At the beginning of each trial, the subjects were asked to orient themselves to the reference position and click a button. Then, the acoustic stimulus was presented. The subjects were asked to point to the perceived position and click the button again. This response represents the test condition without feedback, and it was recorded for the analysis of the localization ability. Then, visual feedback was provided by showing a visual target at the position of the acoustic stimulus. The visual target was a red rotating cube, as in the procedural training of experiment 1. In cases where the target was outside of the field of view, an arrow pointed towards its position. The subjects were asked to find and point at the target, and click the button. At this point in the procedure, the subjects had both heard the acoustic target and seen the visualization of its position. To stress the link between visual and acoustic location, the subjects were asked to return to the reference position and listen to the same acoustic target once more. Then, while the target was still visualized, the subjects had to point at it and click the button again.

With this procedure we intended to teach the subjects to associate the visual and acoustic spatial positions of targets. Additionally, by recording the response during the first phase of the trial, we were able to directly collect data about the localization performance within the training block. Hence, additional test blocks between the training blocks were not required.
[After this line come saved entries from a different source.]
lemma scaled_difference_dominated:
  fixes p r :: "'a::real_inner"
  assumes "a < b" and neg: "(r - a *\<^sub>R p) \<bullet> (r - b *\<^sub>R p) \<le> 0"
  defines "y \<equiv> (1 / (b - a)) *\<^sub>R (r - a *\<^sub>R p)"
  shows "y \<bullet> y \<le> p \<bullet> y"
proof -
  have y_a: "r - a *\<^sub>R p = (b - a) *\<^sub>R y"
    using \<open>a < b\<close> by (simp add: y_def)
  have "r - b *\<^sub>R p = (r - a *\<^sub>R p) - (b - a) *\<^sub>R p"
    by (simp add: algebra_simps)
  then have y_b: "r - b *\<^sub>R p = (b - a) *\<^sub>R (y - p)"
    unfolding y_a by (simp add: scaleR_diff_right)
  have "(b - a)\<^sup>2 * (y \<bullet> (y - p)) \<le> 0"
    using neg unfolding y_a y_b by (simp add: power2_eq_square)
  then show ?thesis
    using \<open>a < b\<close> by (simp add: mult_le_0_iff inner_diff_right inner_commute)
qed

lemma orthogonal_comp_contraction_interpolant:
  fixes S :: "(real^'n) set" and P R :: "real^'k^'n"
  assumes "a \<le> b"
    and P_comp: "\<And>u. P *v u \<in> orthogonal_comp S" and R_comp: "\<And>u. R *v u \<in> orthogonal_comp S"
    and sym: "transpose P ** R = transpose R ** P"
    and neg: "\<And>u. (R *v u - a *\<^sub>R (P *v u)) \<bullet> (R *v u - b *\<^sub>R (P *v u)) \<le> 0"
  obtains Q :: "real^'n^'n"
  where "transpose Q = Q" "\<And>x. 0 \<le> x \<bullet> (Q *v x)" "\<And>x. x \<bullet> (Q *v x) \<le> x \<bullet> x"
    "\<And>s. s \<in> S \<Longrightarrow> Q *v s = 0" "(b - a) *\<^sub>R (Q ** P) = R - a *\<^sub>R P"
proof (cases "a = b")
  case True
  have "(R *v u - a *\<^sub>R (P *v u)) \<bullet> (R *v u - a *\<^sub>R (P *v u)) \<le> 0" for u
    using neg[of u] True by simp
  then have "(R - a *\<^sub>R P) *v u = 0" for u
    by (metis inner_eq_zero_iff inner_ge_zero order_antisym matrix_vector_mult_diff_rdistrib
        scaleR_matrix_vector_assoc)
  then have "R - a *\<^sub>R P = 0"
    by (simp add: matrix_eq)
  with True show ?thesis
    by (intro that[of 0]) (simp_all add: transpose_def vec_eq_iff)
next
  case False
  with \<open>a \<le> b\<close> have "a < b"
    by simp
  define Y where "Y = (1 / (b - a)) *\<^sub>R (R - a *\<^sub>R P)"
  have Yu: "Y *v u = (1 / (b - a)) *\<^sub>R (R *v u - a *\<^sub>R (P *v u))" for u
    unfolding Y_def
    by (simp add: matrix_vector_mult_diff_rdistrib scaleR_matrix_vector_assoc[symmetric])
  have "transpose P ** Y = transpose Y ** P"
    using sym unfolding transpose_mult_symmetric_iff Yu
    by (simp add: inner_diff_right inner_diff_left inner_commute)
  moreover have "(Y *v u) \<bullet> (Y *v u) \<le> (P *v u) \<bullet> (Y *v u)" for u
    unfolding Yu using scaled_difference_dominated[OF \<open>a < b\<close> neg] .
  ultimately obtain Q where Q: "transpose Q = Q" "\<And>x. 0 \<le> x \<bullet> (Q *v x)" "\<And>x. x \<bullet> (Q *v x) \<le> x \<bullet> x"
    "Q ** P = Y" "\<And>x. transpose Y *v x = 0 \<Longrightarrow> Q *v x = 0"
    using symmetric_contraction_interpolant by blast
  have "Y *v u \<in> orthogonal_comp S" for u
    unfolding Yu using P_comp R_comp
    by (simp add: subspace_diff subspace_scale subspace_orthogonal_comp)
  then have "Q *v s = 0" if "s \<in> S" for s
    using Q(5) transpose_matrix_vector_orthogonal_comp that by blast
  with Q show ?thesis
    using \<open>a < b\<close> by (intro that[of Q]) (simp_all add: Y_def)
qed

lemma M_class_from_contraction:
  fixes S :: "(real^'n) set" and Q :: "real^'n^'n"
  assumes S: "subspace S" and "a \<le> b" and Q_sym: "transpose Q = Q"
    and Q_bounds: "\<And>x. 0 \<le> x \<bullet> (Q *v x)" "\<And>x. x \<bullet> (Q *v x) \<le> x \<bullet> x"
    and Q_S: "\<And>s. s \<in> S \<Longrightarrow> Q *v s = 0"
  obtains T where "M_class S a b T"
    "\<And>x. T *v x = orth_proj S x + a *\<^sub>R (x - orth_proj S x) + (b - a) *\<^sub>R (Q *v x)"
proof
  define Proj where "Proj = matrix (orth_proj S)"
  have Proj: "Proj *v x = orth_proj S x" for x
    unfolding Proj_def using matrix_vector_mul(2)[OF linear_orth_proj[OF S]] by metis
  define T where "T = Proj + a *\<^sub>R (mat 1 - Proj) + (b - a) *\<^sub>R Q"
  show T: "T *v x = orth_proj S x + a *\<^sub>R (x - orth_proj S x) + (b - a) *\<^sub>R (Q *v x)" for x
    by (simp add: T_def Proj matrix_vector_mult_add_rdistrib matrix_vector_mult_diff_rdistrib
        scaleR_matrix_vector_assoc[symmetric])
  show "M_class S a b T"
  proof (rule M_classI[OF S])
    show "transpose T = T"
      unfolding symmetric_matrix_iff_inner T
      by (simp add: inner_add_left inner_add_right inner_diff_left inner_diff_right
          orth_proj_self_adjoint[OF S] symmetric_matrix_self_adjoint[OF Q_sym])
    show "T *v s = s" if "s \<in> S" for s
      using that by (simp add: T orth_proj_id[OF S] Q_S)
    fix w \<mu> assume w: "w \<in> orthogonal_comp S" "w \<noteq> 0" "T *v w = \<mu> *\<^sub>R w"
    have "\<mu> * (w \<bullet> w) = w \<bullet> (T *v w)"
      using w(3) by simp
    also have "\<dots> = a * (w \<bullet> w) + (b - a) * (w \<bullet> (Q *v w))"
      using w(1) by (simp add: T orth_proj_orthogonal_comp[OF S] inner_add_right)
    finally have "(\<mu> - a) * (w \<bullet> w) = (b - a) * (w \<bullet> (Q *v w))"
      by (simp add: algebra_simps)
    moreover have "0 \<le> (b - a) * (w \<bullet> (Q *v w))" "(b - a) * (w \<bullet> (Q *v w)) \<le> (b - a) * (w \<bullet> w)"
      using \<open>a \<le> b\<close> Q_bounds by (simp_all add: mult_left_mono)
    moreover have "w \<bullet> w > 0"
      using w(2) by simp
    ultimately show "a \<le> \<mu> \<and> \<mu> \<le> b"
      by (smt (verit) mult_le_cancel_right zero_le_mult_iff)
  qed
qed

lemma interpolable_imp_conditions:
  fixes S :: "(real^'n) set" and X Y :: "real^'k^'n"
  assumes S: "subspace S" and "interpolable S a b X Y"
  defines "P \<equiv> X - proj_cols S X" and "R \<equiv> Y - proj_cols S Y"
  shows "proj_cols S X = proj_cols S Y"
    and "neg_semidef (transpose (R - a *\<^sub>R P) ** (R - b *\<^sub>R P))"
    and "transpose P ** R = transpose R ** P"
proof -
  obtain M where M: "M_class S a b M" and Y: "Y = M ** X"
    using assms(2) unfolding interpolable_def columns_eq_iff_matrix_mult by blast
  note adj = symmetric_matrix_self_adjoint[OF M_class_symmetric[OF M]]
  note fixes_S = M_class_fixes[OF M]
  have inv: "(*v) M ` orthogonal_comp S \<subseteq> orthogonal_comp S"
    using fixes_S by (intro self_adjoint_orthogonal_comp_invariant[OF adj]) auto
  have P_comp: "P *v u \<in> orthogonal_comp S" and Pu: "P *v u = X *v u - orth_proj S (X *v u)" for u
    using orth_proj_mem(2)[OF S]
    by (simp_all add: P_def matrix_vector_mult_diff_rdistrib matrix_vector_mult_proj_cols[OF S])
  have M_residual: "M *v x - orth_proj S x = M *v (x - orth_proj S x)" for x
    using fixes_S[OF orth_proj_mem(1)[OF S]] by (simp add: matrix_vector_mult_diff_distrib)
  have proj_M: "orth_proj S (M *v x) = orth_proj S x" for x
  proof (rule orth_proj_eqI[OF S orth_proj_mem(1)[OF S]])
    show "M *v x - orth_proj S x \<in> orthogonal_comp S"
      unfolding M_residual using inv orth_proj_mem(2)[OF S] by blast
  qed
  show "proj_cols S X = proj_cols S Y"
    by (simp add: matrix_eq matrix_vector_mult_proj_cols[OF S] Y matrix_vector_mul_assoc[symmetric]
        proj_M)
  have Ru: "R *v u = M *v (P *v u)" for u
    by (simp add: R_def Pu Y matrix_vector_mult_diff_rdistrib matrix_vector_mult_proj_cols[OF S]
        matrix_vector_mul_assoc[symmetric] proj_M M_residual)
  have "(M *v w - a *\<^sub>R w) \<bullet> (M *v w - b *\<^sub>R w) \<le> 0" if "w \<in> orthogonal_comp S" for w
    using self_adjoint_quadratic_nonpos[OF matrix_vector_mul_linear adj subspace_orthogonal_comp inv
        M_class_eigenvalue_bounds[OF M] that] .
  then show "neg_semidef (transpose (R - a *\<^sub>R P) ** (R - b *\<^sub>R P))"
    unfolding neg_semidef_transpose_mult_iff
    by (simp add: matrix_vector_mult_diff_rdistrib scaleR_matrix_vector_assoc[symmetric] Ru P_comp)
  show "transpose P ** R = transpose R ** P"
    unfolding transpose_mult_symmetric_iff Ru by (metis adj inner_commute)
qed

lemma conditions_imp_interpolable:
  fixes S :: "(real^'n) set" and X Y :: "real^'k^'n"
  assumes S: "subspace S" and "a \<le> b"
  defines "P \<equiv> X - proj_cols S X" and "R \<equiv> Y - proj_cols S Y"
  assumes proj_eq: "proj_cols S X = proj_cols S Y"
    and neg: "neg_semidef (transpose (R - a *\<^sub>R P) ** (R - b *\<^sub>R P))"
    and sym: "transpose P ** R = transpose R ** P"
  shows "interpolable S a b X Y"
proof -
  have Pu: "P *v u = X *v u - orth_proj S (X *v u)"
    and Ru: "R *v u = Y *v u - orth_proj S (X *v u)" for u
    by (simp_all add: P_def R_def matrix_vector_mult_diff_rdistrib matrix_vector_mult_proj_cols[OF S]
        proj_eq[symmetric])
  have P_comp: "P *v u \<in> orthogonal_comp S" and R_comp: "R *v u \<in> orthogonal_comp S" for u
    using orth_proj_mem(2)[OF S] by (simp_all add: P_def R_def matrix_vector_mult_diff_rdistrib
        matrix_vector_mult_proj_cols[OF S])
  have "(R *v u - a *\<^sub>R (P *v u)) \<bullet> (R *v u - b *\<^sub>R (P *v u)) \<le> 0" for u
    using neg unfolding neg_semidef_transpose_mult_iff
    by (simp add: matrix_vector_mult_diff_rdistrib scaleR_matrix_vector_assoc[symmetric])
  then obtain Q where Q: "transpose Q = Q" "\<And>x. 0 \<le> x \<bullet> (Q *v x)" "\<And>x. x \<bullet> (Q *v x) \<le> x \<bullet> x"
    "\<And>s. s \<in> S \<Longrightarrow> Q *v s = 0" and QP: "(b - a) *\<^sub>R (Q ** P) = R - a *\<^sub>R P"
    using orthogonal_comp_contraction_interpolant[OF \<open>a \<le> b\<close> P_comp R_comp sym] by blast
  obtain T where T: "M_class S a b T"
    and Tx: "\<And>x. T *v x = orth_proj S x + a *\<^sub>R (x - orth_proj S x) + (b - a) *\<^sub>R (Q *v x)"
    using M_class_from_contraction[OF S \<open>a \<le> b\<close> Q] by blast
  have "Q *v (X *v u) = Q *v (P *v u)" for u
    using Q(4)[OF orth_proj_mem(1)[OF S]] by (simp add: Pu matrix_vector_mult_diff_distrib)
  moreover have "(b - a) *\<^sub>R (Q *v (P *v u)) = R *v u - a *\<^sub>R (P *v u)" for u
    using arg_cong[OF QP, of "\<lambda>A. A *v u"]
    by (simp add: matrix_vector_mult_diff_rdistrib scaleR_matrix_vector_assoc[symmetric]
        matrix_vector_mul_assoc)
  ultimately have "T *v (X *v u) = Y *v u" for u
    by (simp add: Tx Pu Ru)
  then have "Y = T ** X"
    by (simp add: matrix_eq matrix_vector_mul_assoc)
  then show ?thesis
    unfolding interpolable_def columns_eq_iff_matrix_mult using T by blast
qed

theorem theorem2:
  fixes S :: "(real^'n) set" and lm lp :: real and X Y :: "real^'k^'n"
  assumes "subspace S"
    and "-1 < lm" and "lm \<le> lp" and "lp < 1"
  shows "interpolable S lm lp X Y \<longleftrightarrow>
    (let Xb = proj_cols S X; Yb = proj_cols S Y; Xp = X - Xb; Yp = Y - Yb in
       Xb = Yb \<and>
       neg_semidef (transpose (Yp - lm *\<^sub>R Xp) ** (Yp - lp *\<^sub>R Xp)) \<and>
       transpose Xp ** Yp = transpose Yp ** Xp)"
  unfolding Let_def
  using interpolable_imp_conditions[OF assms(1)] conditions_imp_interpolable[OF assms(1,3)]
  by blast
The subjects were trained in blocks of 50 trials, reduced from 100 trials because each trial lasted at least twice as long as in experiment 1. Subjects completed one block within 20 to 30 minutes, after which they took a break. Up to six blocks were performed per session, with one or two sessions per day. Depending on the availability of the subjects, 600 to 2200 trials were completed, over a span of 2 to 32 days (20 days on average).

Results

Figure 7 shows the lateral precision error, quadrant error, and local polar precision error as a function of trials and averaged over position. Each line shows the performance of an individual subject with the identification code shown in the legend. The data shown at “Naive” represent the results from experiment 1. The other data show the progress of training in steps of 200 trials. In the two top panels, each point represents a lateral precision error as an average over 400 trials. The variance of each average was estimated by bootstrapping (Efron and Tibshirani 1993). For each point, 200 lateral precision errors were calculated. Each lateral precision error was calculated from 400 bootstrapped samples that were randomly drawn with replacement from the pool of the last 400 collected trials. The standard deviation of the 200 lateral precision errors is shown in Fig. 7 as vertical bars at the data points. For the lateral bias and polar bias, the data showed no consistent trends as a function of trials and therefore were omitted. In the middle and bottom panels of Fig. 7, the quadrant errors and local polar precision errors, respectively, were calculated similarly.

Figure 7
(color online). Training results for each subject. Left panels: head-pointing method; Right panels: manual-pointing method. Top panels: lateral precision errors; Middle panels: quadrant errors; Bottom panels: local polar precision errors. The data shown ...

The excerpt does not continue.